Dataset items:
------------------------------------------------------------

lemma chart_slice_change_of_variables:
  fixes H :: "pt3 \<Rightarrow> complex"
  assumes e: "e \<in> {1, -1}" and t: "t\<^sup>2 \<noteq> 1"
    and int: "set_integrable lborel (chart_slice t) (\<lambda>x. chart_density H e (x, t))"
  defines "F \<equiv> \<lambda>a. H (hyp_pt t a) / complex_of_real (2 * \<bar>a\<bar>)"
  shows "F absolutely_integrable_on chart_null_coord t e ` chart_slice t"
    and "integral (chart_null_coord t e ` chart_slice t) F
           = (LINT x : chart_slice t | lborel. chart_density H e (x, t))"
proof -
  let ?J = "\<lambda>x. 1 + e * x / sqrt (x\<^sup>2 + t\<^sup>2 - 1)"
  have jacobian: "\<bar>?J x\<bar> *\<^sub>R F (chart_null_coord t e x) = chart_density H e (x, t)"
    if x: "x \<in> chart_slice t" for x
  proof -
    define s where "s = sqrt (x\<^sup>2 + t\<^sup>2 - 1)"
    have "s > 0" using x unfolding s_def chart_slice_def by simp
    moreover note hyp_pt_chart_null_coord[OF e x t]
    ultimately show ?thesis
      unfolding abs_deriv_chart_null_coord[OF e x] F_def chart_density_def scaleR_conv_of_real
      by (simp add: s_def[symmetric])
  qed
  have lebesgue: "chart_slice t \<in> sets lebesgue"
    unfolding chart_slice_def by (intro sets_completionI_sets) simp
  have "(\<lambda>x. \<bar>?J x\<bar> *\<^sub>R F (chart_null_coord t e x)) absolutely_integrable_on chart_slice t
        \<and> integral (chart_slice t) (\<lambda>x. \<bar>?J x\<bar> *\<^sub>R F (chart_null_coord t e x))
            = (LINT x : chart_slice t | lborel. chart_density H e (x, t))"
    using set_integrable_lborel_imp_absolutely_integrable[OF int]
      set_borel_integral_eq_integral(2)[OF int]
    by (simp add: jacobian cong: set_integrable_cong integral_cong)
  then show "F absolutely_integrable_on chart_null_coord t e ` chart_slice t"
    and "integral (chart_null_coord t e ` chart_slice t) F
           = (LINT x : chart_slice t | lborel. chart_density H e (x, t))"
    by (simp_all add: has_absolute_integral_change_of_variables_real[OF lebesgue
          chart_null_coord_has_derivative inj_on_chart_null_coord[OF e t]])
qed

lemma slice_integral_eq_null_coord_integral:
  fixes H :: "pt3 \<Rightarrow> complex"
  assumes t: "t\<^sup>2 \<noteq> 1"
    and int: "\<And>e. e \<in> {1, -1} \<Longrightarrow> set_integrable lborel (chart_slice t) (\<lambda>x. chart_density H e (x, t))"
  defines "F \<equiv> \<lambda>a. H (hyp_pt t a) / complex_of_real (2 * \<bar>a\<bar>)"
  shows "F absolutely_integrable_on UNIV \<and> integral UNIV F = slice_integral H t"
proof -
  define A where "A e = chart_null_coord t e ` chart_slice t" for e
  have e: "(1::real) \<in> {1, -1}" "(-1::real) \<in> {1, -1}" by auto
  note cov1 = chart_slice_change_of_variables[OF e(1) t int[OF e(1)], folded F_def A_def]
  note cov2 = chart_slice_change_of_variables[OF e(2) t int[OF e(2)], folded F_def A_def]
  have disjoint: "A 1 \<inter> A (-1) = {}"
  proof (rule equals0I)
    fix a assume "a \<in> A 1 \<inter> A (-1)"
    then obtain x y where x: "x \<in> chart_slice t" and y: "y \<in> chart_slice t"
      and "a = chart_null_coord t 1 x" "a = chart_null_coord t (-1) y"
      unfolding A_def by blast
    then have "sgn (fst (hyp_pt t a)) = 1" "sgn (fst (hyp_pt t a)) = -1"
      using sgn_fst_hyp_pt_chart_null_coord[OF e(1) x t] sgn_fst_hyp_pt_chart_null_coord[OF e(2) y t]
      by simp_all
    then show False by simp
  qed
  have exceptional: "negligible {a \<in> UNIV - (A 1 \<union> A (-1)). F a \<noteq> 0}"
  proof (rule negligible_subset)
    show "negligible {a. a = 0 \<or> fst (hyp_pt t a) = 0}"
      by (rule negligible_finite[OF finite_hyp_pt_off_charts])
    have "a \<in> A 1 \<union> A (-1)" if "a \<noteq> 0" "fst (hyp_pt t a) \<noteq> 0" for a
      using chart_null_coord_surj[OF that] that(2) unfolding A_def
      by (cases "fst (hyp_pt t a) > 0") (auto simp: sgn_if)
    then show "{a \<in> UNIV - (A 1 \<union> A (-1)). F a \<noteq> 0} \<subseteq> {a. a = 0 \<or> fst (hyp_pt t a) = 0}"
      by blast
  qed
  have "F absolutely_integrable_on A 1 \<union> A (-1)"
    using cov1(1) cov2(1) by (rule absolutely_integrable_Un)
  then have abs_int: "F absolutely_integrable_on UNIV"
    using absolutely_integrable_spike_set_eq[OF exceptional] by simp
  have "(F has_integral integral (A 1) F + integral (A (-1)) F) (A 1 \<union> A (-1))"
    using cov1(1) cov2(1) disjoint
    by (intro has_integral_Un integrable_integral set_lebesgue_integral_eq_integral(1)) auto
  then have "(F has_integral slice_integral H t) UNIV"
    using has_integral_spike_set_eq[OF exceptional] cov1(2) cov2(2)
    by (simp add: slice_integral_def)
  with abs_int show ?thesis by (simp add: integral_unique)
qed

------------------------------------------------------------

■ TO DO
Please find every line in the records above that holds the word "jacobian" and copy it.

■ RESULT
  have jacobian: "\<bar>?J x\<bar> *\<^sub>R F (chart_null_coord t e x) = chart_density H e (x, t)"
    by (simp add: jacobian cong: set_integrable_cong integral_cong)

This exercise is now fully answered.